Quote from:
The Pope in Winter: The Dark Face of John Paul II's Papacy, by John Cornwell, is published on Thursday by Viking-Penguin
Sunday Times article, 7 November:
Prudish pontiff
The papal biographer John Cornwell reports
Wives are to blame for violent husbands. Condoms don't work, and Aids is 'a pathology of the spirit'. Has the Pope's view of sex and gender brought the church to its knees?
Snip:
Before his decline into the late stages of Parkinson's disease, Karol Wojtyla — Pope John Paul II — was noted for his sunny, alpha-male persona, his athletic physique, his cinematic good looks and his ease with women. One of his first decisions when he became pope was to build a sauna, a personal gymnasium and an Olympic-size swimming pool at his summer palace. He was the first pope to take skiing holidays. Here was a pontiff who seemed comfortable with his body.
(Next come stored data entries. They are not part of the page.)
(* For real $c$, $x\ge 0$ and $y\ge 1$, let $\Phi_y(x)=(y+1)\,y^c+x^c-(y+1)\,x$. Then: (a) if $1<c<\frac{1+\sqrt5}{2}$, there exist $x\ge 2$ and $y$ with $1\le y\le x$ such that $\Phi_y(x)<0$; (b) if $c=\frac{1+\sqrt5}{2}$, then $\Phi_y(x)\ge 0$ for all $x\ge 0$ and all $y\ge 1$. *)

theory Defs
  imports Complex_Main
begin

definition Phi :: "real \<Rightarrow> real \<Rightarrow> real \<Rightarrow> real" where
  "Phi c y x = (y + 1) * y powr c + x powr c - (y + 1) * x"

end

theory Submission
  imports Defs "HOL-Analysis.Analysis"
begin

(* For c > 1 the function x \<mapsto> x^c - a x on x \<ge> 0 attains its minimum -(c - 1)(a/c)^(c/(c-1)),
   which is Young's inequality with the conjugate exponents c and c/(c - 1).
   At the golden ratio c/(c - 1) = c + 1 and c - 1 = 1/c, so with a = y + 1 the minimum of Phi
   over x is (y + 1) (y^c - c^-2 ((y + 1)/c)^c), which is nonnegative because y + 1 \<le> 2y \<le> c^2 y
   and c^c \<le> c^2.
   Below the golden ratio e = 1/(c - 1) exceeds c. Taking y + 1 = c s and x = s^e gives x^c = s x,
   so Phi = c s y^c - (c - 1) s x \<le> s (c^(c+1) s^c - (c - 1) s^e), which is negative for large s. *)

lemma linear_le_powr_plus_conjugate:
  fixes p a x :: real
  assumes "p > 1" "a \<ge> 0" "x \<ge> 0"
  shows "a * x \<le> x powr p + (p - 1) * (a / p) powr (p / (p - 1))"
proof -
  define q where "q = p / (p - 1)"
  have q: "q > 1" "1 / p + 1 / q = 1" "p / q = p - 1"
    using assms(1) by (auto simp: q_def field_simps)
  have "x * (a / p) \<le> x powr p / p + (a / p) powr q / q"
    using Youngs_inequality[of p q x "a / p"] assms q by simp
  then have "p * (x * (a / p)) \<le> p * (x powr p / p + (a / p) powr q / q)"
    using assms(1) by (intro mult_left_mono) auto
  also have "\<dots> = x powr p + p / q * (a / p) powr q"
    using assms(1) by (simp add: field_simps)
  finally show ?thesis
    using assms(1) by (simp add: q(3) q_def ac_simps)
qed

lemma exists_powr_greater:
  fixes a b K :: real
  assumes "a > 0"
  obtains s where "s \<ge> b" "K < s powr a"
proof
  define s where "s = max (max b 1) ((\<bar>K\<bar> + 1) powr (1 / a))"
  show "s \<ge> b" by (simp add: s_def)
  have "((\<bar>K\<bar> + 1) powr (1 / a)) powr a \<le> s powr a"
    using assms by (intro powr_mono2) (auto simp: s_def)
  moreover have "((\<bar>K\<bar> + 1) powr (1 / a)) powr a = \<bar>K\<bar> + 1"
    using assms by (simp add: powr_powr)
  ultimately show "K < s powr a" by linarith
qed

definition golden_ratio :: real where
  "golden_ratio = (1 + sqrt 5) / 2"

lemma golden_ratio_gt_1: "1 < golden_ratio"
  and golden_ratio_less_2: "golden_ratio < 2"
proof -
  have "1 < sqrt 5" "sqrt 5 < 3"
    by (simp_all add: real_less_rsqrt real_less_lsqrt)
  then show "1 < golden_ratio" "golden_ratio < 2"
    by (simp_all add: golden_ratio_def)
qed

lemma golden_ratio_squared: "golden_ratio\<^sup>2 = golden_ratio + 1"
  by (simp add: golden_ratio_def power2_eq_square field_simps)

lemma square_less_succ_if_less_golden_ratio:
  fixes c :: real
  assumes "0 \<le> c" "c < golden_ratio"
  shows "c\<^sup>2 < c + 1"
proof -
  have "1 < sqrt 5"
    by (simp add: real_less_rsqrt)
  then have "0 < c - (1 - sqrt 5) / 2"
    using assms(1) by argo
  then have "(c - golden_ratio) * (c - (1 - sqrt 5) / 2) < 0"
    using assms(2) by (simp add: mult_neg_pos)
  moreover have "c\<^sup>2 - c - 1 = (c - golden_ratio) * (c - (1 - sqrt 5) / 2)"
    by (simp add: golden_ratio_def power2_eq_square field_simps)
  ultimately show ?thesis by simp
qed

lemma Phi_golden_ratio_nonneg:
  assumes "x \<ge> 0" "y \<ge> 1"
  shows "Phi golden_ratio y x \<ge> 0"
proof -
  define c where "c = golden_ratio"
  have c: "1 < c" "c \<le> 2" "c\<^sup>2 = c + 1"
    using golden_ratio_gt_1 golden_ratio_less_2 golden_ratio_squared by (auto simp: c_def)
  then have c_minus_1: "c - 1 = 1 / c" and conjugate: "c / (c - 1) = c + 1"
    by (auto simp: field_simps power2_eq_square)
  have "1 \<le> c * y"
    using assms(2) c(1) by (simp add: mult_le_cancel_right1 order_trans[of 1 y])
  have base_le: "(y + 1) / c \<le> c * y"
  proof -
    have "y + 1 \<le> c\<^sup>2 * y"
      using \<open>1 \<le> c * y\<close> c(3) by (simp add: algebra_simps)
    then show ?thesis using c(1) by (simp add: field_simps power2_eq_square)
  qed
  have power_le: "(c * y) powr c \<le> c\<^sup>2 * y powr c"
  proof -
    have "c powr c \<le> c powr 2" using c by (intro powr_mono) auto
    then show ?thesis
      using c(1) assms(2) by (simp add: powr_mult mult_right_mono)
  qed
  have "(y + 1) * x \<le> x powr c + (c - 1) * ((y + 1) / c) powr (c + 1)"
    using linear_le_powr_plus_conjugate[of c "y + 1" x] assms c(1) by (simp add: conjugate)
  also have "(c - 1) * ((y + 1) / c) powr (c + 1) = (y + 1) / c\<^sup>2 * ((y + 1) / c) powr c"
    using assms(2) c(1) by (simp add: c_minus_1 powr_add power2_eq_square)
  also have "\<dots> \<le> (y + 1) / c\<^sup>2 * (c * y) powr c"
    using assms(2) c(1) base_le by (intro mult_left_mono powr_mono2) auto
  also have "\<dots> \<le> (y + 1) / c\<^sup>2 * (c\<^sup>2 * y powr c)"
    using assms(2) power_le by (intro mult_left_mono) auto
  also have "\<dots> = (y + 1) * y powr c"
    using c(1) by simp
  finally show ?thesis
    unfolding Phi_def c_def by simp
qed

lemma Phi_power_substitution_le:
  fixes c e s :: real
  assumes "c > 1" "e * (c - 1) = 1" "s > 0" "c * s \<ge> 1"
  shows "Phi c (c * s - 1) (s powr e) \<le> s * (c powr (c + 1) * s powr c - (c - 1) * s powr e)"
proof -
  have "(s powr e) powr c = s * s powr e"
    using assms(2,3) by (simp add: powr_powr powr_add algebra_simps)
  then have Phi_eq: "Phi c (c * s - 1) (s powr e) = c * s * (c * s - 1) powr c - (c - 1) * s * s powr e"
    by (simp add: Phi_def algebra_simps)
  have "(c * s - 1) powr c \<le> c powr c * s powr c"
    using assms by (simp add: powr_mult[symmetric] powr_mono2)
  then have "c * s * (c * s - 1) powr c \<le> s * (c powr (c + 1) * s powr c)"
    using assms(1,3) by (simp add: powr_add mult_left_mono algebra_simps)
  then show ?thesis
    unfolding Phi_eq by (simp add: algebra_simps)
qed

lemma Phi_negative_below_golden_ratio:
  fixes c :: real
  assumes "1 < c" "c < golden_ratio"
  shows "\<exists>x y. x \<ge> 2 \<and> 1 \<le> y \<and> y \<le> x \<and> Phi c y x < 0"
proof -
  define e where "e = 1 / (c - 1)"
  have e: "e * (c - 1) = 1" "c < e"
    using assms(1) square_less_succ_if_less_golden_ratio[of c] assms
    by (auto simp: e_def field_simps power2_eq_square)
  obtain s where s: "s \<ge> 2" "c powr (c + 1) / (c - 1) < s powr (e - c)"
    using exists_powr_greater[of "e - c" 2] e(2) by auto
  have gap: "c powr (c + 1) * s powr c < (c - 1) * s powr e"
  proof -
    have "c powr (c + 1) < (c - 1) * s powr (e - c)"
      using s(2) assms(1) by (simp add: field_simps)
    then have "c powr (c + 1) * s powr c < (c - 1) * s powr (e - c) * s powr c"
      using s(1) by simp
    moreover have "s powr (e - c) * s powr c = s powr e"
      using s(1) by (simp add: powr_add[symmetric])
    ultimately show ?thesis
      by (simp add: mult.assoc)
  qed
  define x where "x = s powr e"
  define y where "y = c * s - 1"
  have "s \<le> c * s" using assms(1) s(1) by simp
  have "s * (c powr (c + 1) * s powr c - (c - 1) * s powr e) < 0"
    using gap s(1) by (simp add: mult_pos_neg)
  then have "Phi c y x < 0"
    using Phi_power_substitution_le[of c e s] assms(1) e(1) s(1) \<open>s \<le> c * s\<close>
    unfolding x_def y_def by linarith
  moreover have "s \<le> x"
    using powr_mono[of 1 e s] e(2) assms(1) s(1) by (simp add: x_def)
  moreover have "y \<le> x"
  proof -
    have "c \<le> c powr (c + 1)" "s \<le> s powr c"
      using powr_mono[of 1 "c + 1" c] powr_mono[of 1 c s] assms(1) s(1) by auto
    then have "c * s \<le> c powr (c + 1) * s powr c"
      using assms(1) s(1) by (intro mult_mono) auto
    moreover have "(c - 1) * x \<le> x"
      using assms golden_ratio_less_2 s(1) \<open>s \<le> x\<close> by (simp add: mult_right_mono)
    ultimately show ?thesis
      using gap unfolding x_def y_def by linarith
  qed
  moreover have "2 \<le> x" "1 \<le> y"
    using s(1) \<open>s \<le> x\<close> \<open>s \<le> c * s\<close> unfolding y_def by linarith+
  ultimately show ?thesis by blast
qed

theorem mainTheorem2:
  shows "(\<forall>c::real. 1 < c \<and> c < (1 + sqrt 5) / 2 \<longrightarrow>
            (\<exists>x y::real. x \<ge> 2 \<and> 1 \<le> y \<and> y \<le> x \<and> Phi c y x < 0))
       \<and> (\<forall>x y::real. x \<ge> 0 \<longrightarrow> y \<ge> 1 \<longrightarrow> Phi ((1 + sqrt 5) / 2) y x \<ge> 0)"
  using Phi_negative_below_golden_ratio Phi_golden_ratio_nonneg
  unfolding golden_ratio_def by blast

end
During an audience with the Pope in 1993, I saw him hugging, very gently, with striking intimacy, a diminutive nun. When he was involved in the theatre in his youth, and as a young priest, he loved the company of women, and there were even rumours of a love relationship in his student days. He used to say: "I am in love with love!" Yet John Paul's attitude towards women, sexuality and the body has been anything but easy and uncomplicated. He has proved himself the most puritanical pope in the modern period, with an obsessive horror of any form of sexuality that transgresses the narrow bounds of what he terms the "norms of sexology". His attitude towards women is medieval in its patriarchalism. Earlier this year he published an attack on feminism as if the women's movement had barely progressed since the bra-burning days of the 1960s.
In 1994, John Paul startlingly revealed, and not for the first time, a misogynistic side to his character when he met Dr Nafis Sadik, the Pakistani head of the UN Fund for Population Activities. The pontiff had invited her to the Vatican to talk about family planning. Dr Sadik, then in her early forties and dressed in a sari, attempted to make their meeting a discussion rather than a one-sided papal lecture.
"In many societies, and not just in the developing world, women don't have equal status with men," she told the Pope. "There's a lot of sexual violence within the family." Suddenly, as Sadik recalled, "John Paul burst out angrily, ÔDon't you think that the irresponsible behaviour of men is caused by women?'" This was long before his Parkinson's disease could explain such intemperance. In fact, Sadik thought he appeared "taut as a spring". She has said: "I found myself thinking: why is he so hard-hearted, so dogmatic, so lacking in kindness?"